* **Task requirements**
Using the entries below, write out the line with "v = (\<integral>x.", the line with "(\<forall>u\<in>L2 \<Omega>. \<forall>v\<in>L2", and every line in between, exactly as each is written.

* **Records for this exercise**

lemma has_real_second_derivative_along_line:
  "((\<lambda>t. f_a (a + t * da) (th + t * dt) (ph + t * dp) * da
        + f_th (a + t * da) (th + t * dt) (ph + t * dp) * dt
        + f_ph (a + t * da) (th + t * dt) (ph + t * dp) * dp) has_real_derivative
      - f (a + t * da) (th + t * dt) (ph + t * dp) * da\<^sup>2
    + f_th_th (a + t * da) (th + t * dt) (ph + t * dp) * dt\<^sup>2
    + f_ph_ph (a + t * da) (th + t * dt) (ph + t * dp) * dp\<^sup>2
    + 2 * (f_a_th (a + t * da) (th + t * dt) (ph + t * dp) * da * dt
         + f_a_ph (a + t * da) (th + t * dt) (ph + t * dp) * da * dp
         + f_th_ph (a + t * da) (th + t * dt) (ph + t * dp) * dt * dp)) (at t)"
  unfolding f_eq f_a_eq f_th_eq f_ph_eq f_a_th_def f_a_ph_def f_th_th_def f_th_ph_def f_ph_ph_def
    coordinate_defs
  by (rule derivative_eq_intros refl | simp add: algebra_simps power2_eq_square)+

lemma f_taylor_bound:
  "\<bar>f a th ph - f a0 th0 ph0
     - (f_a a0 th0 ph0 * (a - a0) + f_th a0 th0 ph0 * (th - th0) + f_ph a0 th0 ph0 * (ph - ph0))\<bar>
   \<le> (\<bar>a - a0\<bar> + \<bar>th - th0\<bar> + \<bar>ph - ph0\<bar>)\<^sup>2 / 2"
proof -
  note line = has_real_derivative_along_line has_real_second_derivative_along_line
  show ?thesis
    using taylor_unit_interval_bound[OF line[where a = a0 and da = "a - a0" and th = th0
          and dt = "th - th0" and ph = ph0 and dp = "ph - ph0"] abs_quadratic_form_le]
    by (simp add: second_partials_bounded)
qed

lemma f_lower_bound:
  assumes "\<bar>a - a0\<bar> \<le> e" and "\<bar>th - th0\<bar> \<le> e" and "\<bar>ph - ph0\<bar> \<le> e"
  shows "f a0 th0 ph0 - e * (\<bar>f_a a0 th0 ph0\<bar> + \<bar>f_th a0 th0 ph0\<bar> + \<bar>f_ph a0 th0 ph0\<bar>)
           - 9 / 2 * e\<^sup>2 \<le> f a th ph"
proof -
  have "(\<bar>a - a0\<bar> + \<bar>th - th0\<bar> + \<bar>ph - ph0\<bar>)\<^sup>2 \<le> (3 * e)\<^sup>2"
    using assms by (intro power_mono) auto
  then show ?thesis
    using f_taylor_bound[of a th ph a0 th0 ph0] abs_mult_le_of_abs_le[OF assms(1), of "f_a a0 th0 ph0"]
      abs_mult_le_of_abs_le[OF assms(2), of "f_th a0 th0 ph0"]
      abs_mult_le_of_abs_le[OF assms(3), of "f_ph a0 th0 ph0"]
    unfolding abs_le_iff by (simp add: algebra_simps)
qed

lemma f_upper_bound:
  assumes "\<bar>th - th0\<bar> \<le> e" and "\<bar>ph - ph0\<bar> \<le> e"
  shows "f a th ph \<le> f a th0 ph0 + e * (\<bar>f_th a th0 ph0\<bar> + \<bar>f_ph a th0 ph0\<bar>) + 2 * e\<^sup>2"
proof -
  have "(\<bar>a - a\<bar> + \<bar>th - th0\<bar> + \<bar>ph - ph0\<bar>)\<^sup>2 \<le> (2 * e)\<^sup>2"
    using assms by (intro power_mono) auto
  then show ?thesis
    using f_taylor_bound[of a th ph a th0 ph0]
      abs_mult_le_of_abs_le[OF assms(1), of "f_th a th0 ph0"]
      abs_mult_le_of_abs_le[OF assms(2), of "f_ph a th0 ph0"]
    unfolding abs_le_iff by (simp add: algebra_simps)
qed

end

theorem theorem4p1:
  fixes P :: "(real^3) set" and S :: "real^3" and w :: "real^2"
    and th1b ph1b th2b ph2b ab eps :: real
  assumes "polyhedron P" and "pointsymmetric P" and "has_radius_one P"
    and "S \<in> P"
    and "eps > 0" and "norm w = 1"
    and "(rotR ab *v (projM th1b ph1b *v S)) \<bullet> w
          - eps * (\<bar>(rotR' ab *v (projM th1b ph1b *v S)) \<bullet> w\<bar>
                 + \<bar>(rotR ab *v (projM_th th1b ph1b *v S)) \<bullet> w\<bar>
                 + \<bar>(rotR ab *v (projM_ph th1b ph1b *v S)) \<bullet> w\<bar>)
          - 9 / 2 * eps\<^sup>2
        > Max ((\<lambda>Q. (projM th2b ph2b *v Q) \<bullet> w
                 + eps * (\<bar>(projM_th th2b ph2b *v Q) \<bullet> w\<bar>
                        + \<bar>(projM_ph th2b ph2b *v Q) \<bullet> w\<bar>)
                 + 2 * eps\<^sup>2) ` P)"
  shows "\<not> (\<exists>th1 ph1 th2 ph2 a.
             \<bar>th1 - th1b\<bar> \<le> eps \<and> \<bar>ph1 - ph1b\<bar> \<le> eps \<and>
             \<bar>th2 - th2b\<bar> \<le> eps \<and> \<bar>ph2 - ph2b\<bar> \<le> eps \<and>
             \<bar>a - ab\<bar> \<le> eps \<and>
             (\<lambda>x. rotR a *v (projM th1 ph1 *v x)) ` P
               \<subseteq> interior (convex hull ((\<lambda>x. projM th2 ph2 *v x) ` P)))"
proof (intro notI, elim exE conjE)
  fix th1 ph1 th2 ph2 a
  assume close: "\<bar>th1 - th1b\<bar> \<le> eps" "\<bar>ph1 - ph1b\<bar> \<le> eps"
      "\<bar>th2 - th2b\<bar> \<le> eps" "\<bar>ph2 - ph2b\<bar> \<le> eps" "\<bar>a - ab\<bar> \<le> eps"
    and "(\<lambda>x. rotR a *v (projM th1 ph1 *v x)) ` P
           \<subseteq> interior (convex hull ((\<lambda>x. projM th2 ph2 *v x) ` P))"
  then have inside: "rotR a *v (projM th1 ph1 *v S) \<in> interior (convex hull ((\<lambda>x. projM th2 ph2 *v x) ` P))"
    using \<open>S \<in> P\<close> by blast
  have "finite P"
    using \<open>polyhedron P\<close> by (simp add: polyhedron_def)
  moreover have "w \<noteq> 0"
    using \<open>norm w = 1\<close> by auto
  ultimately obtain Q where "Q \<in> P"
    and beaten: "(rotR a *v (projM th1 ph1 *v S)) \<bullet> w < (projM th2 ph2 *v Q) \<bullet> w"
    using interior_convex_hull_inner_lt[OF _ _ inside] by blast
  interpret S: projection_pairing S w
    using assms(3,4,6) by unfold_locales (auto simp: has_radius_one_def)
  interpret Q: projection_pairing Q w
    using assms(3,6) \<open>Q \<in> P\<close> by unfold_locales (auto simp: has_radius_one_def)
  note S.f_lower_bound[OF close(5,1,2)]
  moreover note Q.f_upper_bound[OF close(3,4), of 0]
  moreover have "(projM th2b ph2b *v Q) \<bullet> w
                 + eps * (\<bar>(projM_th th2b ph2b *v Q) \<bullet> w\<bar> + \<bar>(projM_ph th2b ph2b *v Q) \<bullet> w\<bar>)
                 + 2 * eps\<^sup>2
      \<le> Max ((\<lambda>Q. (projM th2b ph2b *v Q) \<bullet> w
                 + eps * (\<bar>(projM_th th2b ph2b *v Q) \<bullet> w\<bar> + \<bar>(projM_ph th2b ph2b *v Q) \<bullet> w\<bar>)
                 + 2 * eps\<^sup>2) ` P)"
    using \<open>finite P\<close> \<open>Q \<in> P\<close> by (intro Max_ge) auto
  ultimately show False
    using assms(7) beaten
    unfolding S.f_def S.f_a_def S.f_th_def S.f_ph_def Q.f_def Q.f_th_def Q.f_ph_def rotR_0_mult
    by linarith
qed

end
--
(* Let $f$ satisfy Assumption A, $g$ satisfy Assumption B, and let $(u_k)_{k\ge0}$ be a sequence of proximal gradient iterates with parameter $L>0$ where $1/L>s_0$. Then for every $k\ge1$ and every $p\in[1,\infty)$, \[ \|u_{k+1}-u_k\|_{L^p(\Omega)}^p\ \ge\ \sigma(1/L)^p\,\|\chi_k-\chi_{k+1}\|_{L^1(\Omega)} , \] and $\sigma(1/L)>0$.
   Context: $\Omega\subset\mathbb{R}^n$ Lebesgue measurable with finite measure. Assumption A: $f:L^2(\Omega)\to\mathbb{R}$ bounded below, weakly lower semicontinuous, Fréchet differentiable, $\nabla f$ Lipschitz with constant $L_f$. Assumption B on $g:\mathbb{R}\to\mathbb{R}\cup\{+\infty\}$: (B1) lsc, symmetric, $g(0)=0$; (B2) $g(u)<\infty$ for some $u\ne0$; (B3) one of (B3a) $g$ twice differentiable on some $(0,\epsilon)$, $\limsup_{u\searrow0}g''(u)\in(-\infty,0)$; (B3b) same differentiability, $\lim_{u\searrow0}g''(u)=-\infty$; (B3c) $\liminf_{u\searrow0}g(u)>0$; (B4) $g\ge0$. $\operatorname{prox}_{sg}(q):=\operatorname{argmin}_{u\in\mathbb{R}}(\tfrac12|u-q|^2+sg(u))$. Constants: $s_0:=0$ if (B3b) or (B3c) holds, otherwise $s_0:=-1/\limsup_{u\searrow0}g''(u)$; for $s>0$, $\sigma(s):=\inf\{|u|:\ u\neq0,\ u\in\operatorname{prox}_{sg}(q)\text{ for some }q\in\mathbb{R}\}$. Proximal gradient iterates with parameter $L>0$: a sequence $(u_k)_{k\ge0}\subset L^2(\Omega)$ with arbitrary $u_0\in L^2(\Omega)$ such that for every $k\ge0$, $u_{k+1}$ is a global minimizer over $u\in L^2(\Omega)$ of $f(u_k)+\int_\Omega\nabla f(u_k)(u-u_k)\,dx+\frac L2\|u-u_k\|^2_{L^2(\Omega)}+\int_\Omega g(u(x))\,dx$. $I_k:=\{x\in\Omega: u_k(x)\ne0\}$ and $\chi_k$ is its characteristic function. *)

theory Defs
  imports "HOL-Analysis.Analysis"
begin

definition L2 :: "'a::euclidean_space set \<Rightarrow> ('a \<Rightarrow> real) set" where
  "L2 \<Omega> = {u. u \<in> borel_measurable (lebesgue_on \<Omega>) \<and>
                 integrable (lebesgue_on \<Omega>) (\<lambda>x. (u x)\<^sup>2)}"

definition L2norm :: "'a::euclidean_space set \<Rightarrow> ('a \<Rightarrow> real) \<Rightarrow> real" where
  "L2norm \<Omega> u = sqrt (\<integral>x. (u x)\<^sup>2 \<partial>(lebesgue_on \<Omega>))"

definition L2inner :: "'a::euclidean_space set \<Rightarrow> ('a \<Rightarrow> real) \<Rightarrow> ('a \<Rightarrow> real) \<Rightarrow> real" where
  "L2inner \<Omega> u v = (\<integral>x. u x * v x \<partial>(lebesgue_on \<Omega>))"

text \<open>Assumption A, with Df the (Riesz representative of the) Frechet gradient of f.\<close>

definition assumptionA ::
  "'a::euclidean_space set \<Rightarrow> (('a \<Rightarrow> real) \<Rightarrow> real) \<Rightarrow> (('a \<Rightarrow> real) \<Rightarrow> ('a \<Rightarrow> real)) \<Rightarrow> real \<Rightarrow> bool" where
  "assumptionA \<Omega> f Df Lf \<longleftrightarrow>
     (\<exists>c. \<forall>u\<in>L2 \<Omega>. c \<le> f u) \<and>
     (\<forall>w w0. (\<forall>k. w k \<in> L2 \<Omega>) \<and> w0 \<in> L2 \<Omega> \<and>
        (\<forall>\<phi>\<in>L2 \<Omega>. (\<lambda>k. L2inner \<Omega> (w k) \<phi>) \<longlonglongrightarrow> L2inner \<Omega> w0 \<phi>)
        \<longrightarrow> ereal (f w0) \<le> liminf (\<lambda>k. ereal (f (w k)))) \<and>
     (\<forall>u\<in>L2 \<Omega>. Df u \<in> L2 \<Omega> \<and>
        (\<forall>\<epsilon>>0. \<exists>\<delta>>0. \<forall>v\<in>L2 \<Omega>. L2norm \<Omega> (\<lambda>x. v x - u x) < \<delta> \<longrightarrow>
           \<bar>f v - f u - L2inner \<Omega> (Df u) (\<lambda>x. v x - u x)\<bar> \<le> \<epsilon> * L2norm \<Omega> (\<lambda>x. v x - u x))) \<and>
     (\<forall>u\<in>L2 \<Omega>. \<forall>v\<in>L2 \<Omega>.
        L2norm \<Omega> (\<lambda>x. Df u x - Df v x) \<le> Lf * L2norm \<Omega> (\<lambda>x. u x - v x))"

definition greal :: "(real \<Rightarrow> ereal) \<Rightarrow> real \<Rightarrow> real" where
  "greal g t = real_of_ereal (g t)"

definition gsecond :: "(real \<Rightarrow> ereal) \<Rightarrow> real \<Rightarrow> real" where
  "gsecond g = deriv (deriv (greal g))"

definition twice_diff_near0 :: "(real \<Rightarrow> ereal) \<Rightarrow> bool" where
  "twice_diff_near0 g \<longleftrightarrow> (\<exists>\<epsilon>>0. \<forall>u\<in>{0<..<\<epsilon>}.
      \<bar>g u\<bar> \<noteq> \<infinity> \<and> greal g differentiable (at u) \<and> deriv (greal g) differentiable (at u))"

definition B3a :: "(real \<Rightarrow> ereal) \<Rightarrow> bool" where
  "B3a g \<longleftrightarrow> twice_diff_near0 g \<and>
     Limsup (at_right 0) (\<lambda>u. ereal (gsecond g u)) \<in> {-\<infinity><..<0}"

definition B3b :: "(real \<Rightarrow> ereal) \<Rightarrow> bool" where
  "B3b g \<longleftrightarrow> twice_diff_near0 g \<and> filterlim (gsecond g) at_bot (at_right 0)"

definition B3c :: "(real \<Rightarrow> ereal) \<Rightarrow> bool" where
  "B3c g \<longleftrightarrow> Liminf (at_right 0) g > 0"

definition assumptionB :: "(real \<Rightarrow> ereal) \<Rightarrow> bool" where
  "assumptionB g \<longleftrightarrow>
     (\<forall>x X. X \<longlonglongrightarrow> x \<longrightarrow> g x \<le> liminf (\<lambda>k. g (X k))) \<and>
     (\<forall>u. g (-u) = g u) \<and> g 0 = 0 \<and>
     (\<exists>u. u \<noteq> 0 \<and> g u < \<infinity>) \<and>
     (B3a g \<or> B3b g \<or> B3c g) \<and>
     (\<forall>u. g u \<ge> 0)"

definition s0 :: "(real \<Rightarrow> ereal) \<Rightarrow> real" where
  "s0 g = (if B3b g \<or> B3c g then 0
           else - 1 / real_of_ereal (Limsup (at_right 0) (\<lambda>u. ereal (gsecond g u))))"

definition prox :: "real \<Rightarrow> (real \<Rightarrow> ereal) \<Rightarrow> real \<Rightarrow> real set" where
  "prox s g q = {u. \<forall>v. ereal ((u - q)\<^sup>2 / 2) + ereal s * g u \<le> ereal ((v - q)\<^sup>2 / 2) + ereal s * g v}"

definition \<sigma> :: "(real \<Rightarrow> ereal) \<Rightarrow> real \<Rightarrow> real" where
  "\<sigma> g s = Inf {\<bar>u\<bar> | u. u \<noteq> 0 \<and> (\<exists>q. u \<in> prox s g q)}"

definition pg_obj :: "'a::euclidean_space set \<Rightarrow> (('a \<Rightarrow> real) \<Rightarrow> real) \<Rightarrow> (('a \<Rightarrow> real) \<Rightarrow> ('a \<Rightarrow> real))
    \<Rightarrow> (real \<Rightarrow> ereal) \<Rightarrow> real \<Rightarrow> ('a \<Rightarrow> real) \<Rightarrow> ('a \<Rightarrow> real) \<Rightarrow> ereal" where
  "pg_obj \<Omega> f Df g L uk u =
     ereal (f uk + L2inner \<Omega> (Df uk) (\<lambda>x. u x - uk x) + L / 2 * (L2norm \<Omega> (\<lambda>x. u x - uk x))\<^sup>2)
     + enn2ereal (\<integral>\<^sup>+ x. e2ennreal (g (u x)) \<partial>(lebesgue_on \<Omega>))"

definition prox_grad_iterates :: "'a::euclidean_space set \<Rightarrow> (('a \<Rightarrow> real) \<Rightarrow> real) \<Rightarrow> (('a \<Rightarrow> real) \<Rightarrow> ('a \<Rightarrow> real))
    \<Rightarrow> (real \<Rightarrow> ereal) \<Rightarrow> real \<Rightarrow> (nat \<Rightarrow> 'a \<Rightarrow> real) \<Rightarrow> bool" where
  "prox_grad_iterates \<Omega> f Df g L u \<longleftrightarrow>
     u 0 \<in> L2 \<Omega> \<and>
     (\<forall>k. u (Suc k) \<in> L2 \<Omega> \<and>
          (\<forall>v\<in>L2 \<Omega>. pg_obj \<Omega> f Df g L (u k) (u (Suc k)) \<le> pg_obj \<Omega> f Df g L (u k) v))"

* **Task output**
  "L2inner \<Omega> u v = (\<integral>x. u x * v x \<partial>(lebesgue_on \<Omega>))"

text \<open>Assumption A, with Df the (Riesz representative of the) Frechet gradient of f.\<close>

definition assumptionA ::
  "'a::euclidean_space set \<Rightarrow> (('a \<Rightarrow> real) \<Rightarrow> real) \<Rightarrow> (('a \<Rightarrow> real) \<Rightarrow> ('a \<Rightarrow> real)) \<Rightarrow> real \<Rightarrow> bool" where
  "assumptionA \<Omega> f Df Lf \<longleftrightarrow>
     (\<exists>c. \<forall>u\<in>L2 \<Omega>. c \<le> f u) \<and>
     (\<forall>w w0. (\<forall>k. w k \<in> L2 \<Omega>) \<and> w0 \<in> L2 \<Omega> \<and>
        (\<forall>\<phi>\<in>L2 \<Omega>. (\<lambda>k. L2inner \<Omega> (w k) \<phi>) \<longlonglongrightarrow> L2inner \<Omega> w0 \<phi>)
        \<longrightarrow> ereal (f w0) \<le> liminf (\<lambda>k. ereal (f (w k)))) \<and>
     (\<forall>u\<in>L2 \<Omega>. Df u \<in> L2 \<Omega> \<and>
        (\<forall>\<epsilon>>0. \<exists>\<delta>>0. \<forall>v\<in>L2 \<Omega>. L2norm \<Omega> (\<lambda>x. v x - u x) < \<delta> \<longrightarrow>
           \<bar>f v - f u - L2inner \<Omega> (Df u) (\<lambda>x. v x - u x)\<bar> \<le> \<epsilon> * L2norm \<Omega> (\<lambda>x. v x - u x))) \<and>
     (\<forall>u\<in>L2 \<Omega>. \<forall>v\<in>L2 \<Omega>.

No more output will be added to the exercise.